Map with color coded route overlays

Changes in lighting and weather significantly effects vision algorithms. CVT has developed a novel deep-embedding approach to project image data into a high-dimensional feature space with geo-spatial coherence to learn features that are invariant to weather and time of day. CVT processed two million images from thousands of webcams worldwide to learn how a scene changes over time (i.e., across day, night, and seasonal changes) via this approach. These learned embeddings incorporate scene semantics for contextual reasoning, which enables highly reliable image retrieval across extremely large reference image databases.

Geo-registration is the process of matching video to previous geo-reference data sources such as satellite imagery or LIDAR. CVT has worked across multiple government programs to perform high-precision geo-registration with and without GPS for aerial and ground platforms.

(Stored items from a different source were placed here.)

(* Fix $m\ge 0$. Work with smooth functions $\psi(u_0,u_1,\dots,u_N)$ of finitely many variables on domains with $u_0>0$, and let $D=\sum_{k\ge 0}u_{k+1}\frac{\partial}{\partial u_k}$ be the total derivative (so that, along $u_k=q^{(k)}(x)$, $D$ acts as $\frac{d}{dx}$). Define operators $$E=\sum_j u_j\frac{\partial}{\partial u_j},\qquad \Lambda=\sum_j(-1)^{j+1}D^j\frac{\partial}{\partial u_j},\qquad L=\sum_j(-1)^jD^j\Big(u_0\frac{\partial}{\partial u_j}\,\cdot\Big).$$ Let $\phi=\phi(u_0,\dots,u_m)$ be smooth with $E\phi=\phi$, i.e. $\phi=\sum_{j=0}^m u_j\frac{\partial\phi}{\partial u_j}$, and let $$S=\Lambda\phi=\sum_{j=0}^m(-1)^{j+1}D^j\frac{\partial\phi}{\partial u_j},$$ a function of $(u_0,\dots,u_{2m})$. Then $$LS=\sum_{j=0}^{2m}(-1)^jD^j\Big(u_0\frac{\partial S}{\partial u_j}\Big)=0 .$$ *)

theory Defs
  imports "HOL-Analysis.Analysis"
begin

text \<open>Jet variables: a point is u :: nat \<Rightarrow> real, with u k the coordinate u_k.
  Functions psi(u_0,...,u_N) are modelled as (nat \<Rightarrow> real) \<Rightarrow> real.\<close>

type_synonym jetfun = "(nat \<Rightarrow> real) \<Rightarrow> real"

definition pd :: "nat \<Rightarrow> jetfun \<Rightarrow> jetfun" where
  "pd j \<psi> = (\<lambda>u. deriv (\<lambda>t. \<psi> (u(j := t))) (u j))"

definition pds :: "nat list \<Rightarrow> jetfun \<Rightarrow> jetfun" where
  "pds js \<psi> = foldr pd js \<psi>"

definition smooth_on_jet :: "(nat \<Rightarrow> real) set \<Rightarrow> jetfun \<Rightarrow> bool" where
  "smooth_on_jet U \<psi> \<longleftrightarrow>
     (\<forall>js. continuous_on U (pds js \<psi>) \<and>
        (\<forall>j. \<forall>u\<in>U. (\<lambda>t. pds js \<psi> (u(j := t))) differentiable (at (u j))))"

definition Dtot :: "jetfun \<Rightarrow> jetfun" where
  "Dtot \<psi> = (\<lambda>u. \<Sum>k. u (Suc k) * pd k \<psi> u)"

definition Eop :: "jetfun \<Rightarrow> jetfun" where
  "Eop \<psi> = (\<lambda>u. \<Sum>j. u j * pd j \<psi> u)"

definition Lambda_op :: "jetfun \<Rightarrow> jetfun" where
  "Lambda_op \<psi> = (\<lambda>u. \<Sum>j. (-1::real) ^ (j + 1) * (Dtot ^^ j) (pd j \<psi>) u)"

definition Lop :: "jetfun \<Rightarrow> jetfun" where
  "Lop \<psi> = (\<lambda>u. \<Sum>j. (-1::real) ^ j * (Dtot ^^ j) (\<lambda>v. v 0 * pd j \<psi> v) u)"

end

theory Submission
  imports Defs
begin

(* By Euler's relation \<phi> = \<Sum>_j u_j \<partial>\<phi>/\<partial>u_j, and since u_j = D^j u_0, integration by parts
   turns \<phi> + u_0 S into a total derivative D R. The Euler operator
   EL = \<Sum>_j (-1)^j D^j \<partial>/\<partial>u_j annihilates total derivatives, gives EL \<phi> = -S, and by the
   product rule EL (u_0 S) = S + L S. Applying EL to \<phi> + u_0 S = D R therefore yields L S = 0.

   That EL annihilates total derivatives rests on the commutation rule
   \<partial>/\<partial>u_k \<circ> D = D \<circ> \<partial>/\<partial>u_k + \<partial>/\<partial>u_(k-1), hence on the symmetry of second partial
   derivatives, which is proved from the mean value theorem since smoothness is only given
   coordinatewise. *)

lemma continuous_on_fun_upd: "continuous_on UNIV (\<lambda>t::real. v(j := t))"
proof (intro continuous_on_coordinatewise_then_product)
  show "continuous_on UNIV (\<lambda>t. (v(j := t)) i)" for i
    by (cases "i = j") (simp_all add: continuous_on_id)
qed

lemma continuous_on_fun_upd2: "continuous_on UNIV (\<lambda>p::real \<times> real. v(i := fst p, k := snd p))"
proof (intro continuous_on_coordinatewise_then_product)
  show "continuous_on UNIV (\<lambda>p. (v(i := fst p, k := snd p)) j)" for j
    by (cases "j = k"; cases "j = i") (auto intro: continuous_intros)
qed

lemma eventually_fun_upd_in_open:
  fixes s :: real
  assumes "open S" "v(j := s) \<in> S"
  shows "eventually (\<lambda>t. v(j := t) \<in> S) (nhds s)"
proof -
  have "open (UNIV \<inter> (\<lambda>t. v(j := t)) -` S)"
    by (rule continuous_open_preimage[OF continuous_on_fun_upd open_UNIV assms(1)])
  then show ?thesis
    using eventually_nhds_in_open[of "(\<lambda>t. v(j := t)) -` S" s] assms(2) by simp
qed

lemma eventually_fun_upd2_in_open:
  fixes u :: "'a \<Rightarrow> real"
  assumes "open S" "u \<in> S"
  shows "eventually (\<lambda>p. u(i := fst p, k := snd p) \<in> S) (nhds (u i, u k))"
proof -
  have "open (UNIV \<inter> (\<lambda>p. u(i := fst p, k := snd p)) -` S)"
    by (rule continuous_open_preimage[OF continuous_on_fun_upd2 open_UNIV assms(1)])
  then show ?thesis
    using eventually_nhds_in_open[of "(\<lambda>p. u(i := fst p, k := snd p)) -` S" "(u i, u k)"] assms(2)
    by simp
qed

lemma eventually_nhds_square:
  fixes a b :: real
  assumes "eventually P (nhds (a, b))"
  obtains h where "0 < h" "\<And>s t. a \<le> s \<Longrightarrow> s \<le> a + h \<Longrightarrow> b \<le> t \<Longrightarrow> t \<le> b + h \<Longrightarrow> P (s, t)"
proof -
  obtain Pa Pb where "eventually Pa (nhds a)" "eventually Pb (nhds b)"
    and P: "\<And>s t. Pa s \<Longrightarrow> Pb t \<Longrightarrow> P (s, t)"
    using assms unfolding nhds_prod eventually_prod_filter by blast
  then obtain da db where "0 < da" "\<And>s. dist s a < da \<Longrightarrow> Pa s"
    and "0 < db" "\<And>t. dist t b < db \<Longrightarrow> Pb t"
    unfolding eventually_nhds_metric by blast
  then show thesis
    by (intro that[of "min da db / 2"] P) (auto simp: dist_real_def)
qed

subsection \<open>Coordinatewise smooth functions\<close>

locale open_jet_domain =
  fixes U :: "(nat \<Rightarrow> real) set"
  assumes open_U: "open U"
begin

definition agree :: "jetfun \<Rightarrow> jetfun \<Rightarrow> bool" where
  "agree f g \<longleftrightarrow> (\<forall>u\<in>U. f u = g u)"

lemma agree_refl [simp]: "agree f f"
  by (simp add: agree_def)

lemma agree_sym: "agree f g \<Longrightarrow> agree g f"
  by (simp add: agree_def)

lemma agree_trans [trans]: "agree f g \<Longrightarrow> agree g h \<Longrightarrow> agree f h"
  by (simp add: agree_def)

lemma agreeD: "agree f g \<Longrightarrow> u \<in> U \<Longrightarrow> f u = g u"
  by (simp add: agree_def)

lemma eventually_fun_upd_in_U: "u \<in> U \<Longrightarrow> eventually (\<lambda>t. u(j := t) \<in> U) (nhds (u j))"
  using eventually_fun_upd_in_open[OF open_U, of u j "u j"] by simp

CVT has also leveraged recent advances in machine learning to extract semantic features that can be matched across large viewpoint variations and changes in sensing modalities.

Long-range, wide-area, augmented reality

CVT has combined the localization and geo-registration methods described above with low-powered, compact, ruggedized hardware to create wide-area augmented reality applications. CVT has extended its augmented reality capabilities to work over multiple square kilometers while in GPS-challenged environments. This also includes long-range 3D occlusion-reasoning for augmented reality applications.

3D scene classification and modeling

CVT has developed extremely robust 3D scene classification methods over the last decade. These methods have now transitioned to Department of Defense (DoD) programs of record and commercially available software packages. Working with the Office of Naval Research (ONR), the U.S. Army and the National Geospatial-Intelligence Agency (NGA), CVT is now developing the next-generation 3D scene-understanding methods using machine learning. These methods incorporate top-down and bottom-up contextual reasoning and human-specified geographic rules within the learning process.


3d-scene-class

The robust scene-understanding methods have enabled us to re-visit 3D compression methods that are widely available today. By incorporating knowledge about different feature classes (such as ground, building and foliage), we can achieve significantly better bit rates in the compression of 3D data.

Surveillance

CVT’s work in change detection supports deployed improvised explosive devices (IEDs). These algorithms look at multiple passes of video data to detect change signatures of buried roadside IEDs. The recent integration of machine learning-based road-detection methods has significantly improved our change detection performance. SRI is developing novel anomaly detection and anomaly-guided change detection methods for next-generation systems. Specifically, CVT is developing a transformer-based joint spatiotemporal model encompassing multiple space and time resolutions. Transformer networks enable retention of properties of various data modalities, namely geography, weather, seasonal variations, knowledge of typical events and activities of interest, thus providing modularity that enables multimodality, scalability, and explainability.

CVT has developed an end-to-end pipeline that fuses multi-modal data in deep embedding space for specific tasks—such as target detection and recognition—by directly optimizing target metrics and learning the optimal contribution/control of each mode to the results. This pipeline has been applied to different modalities, including electro-optic/infrared images, hyperspectral imaging, and LIDAR/RADAR data. CVT has also incorporated scene-contextual information to further improve performance of the target task.

CVT created a new approach to continually acquire, fine-tune and transfer knowledge to optimize tasks such as target classification. Our approach advances state-of-the-art transfer learning and continual learning methods to create an in-situ algorithm-training environment to streamline the training of classifiers to new, unknown sensor data in real time.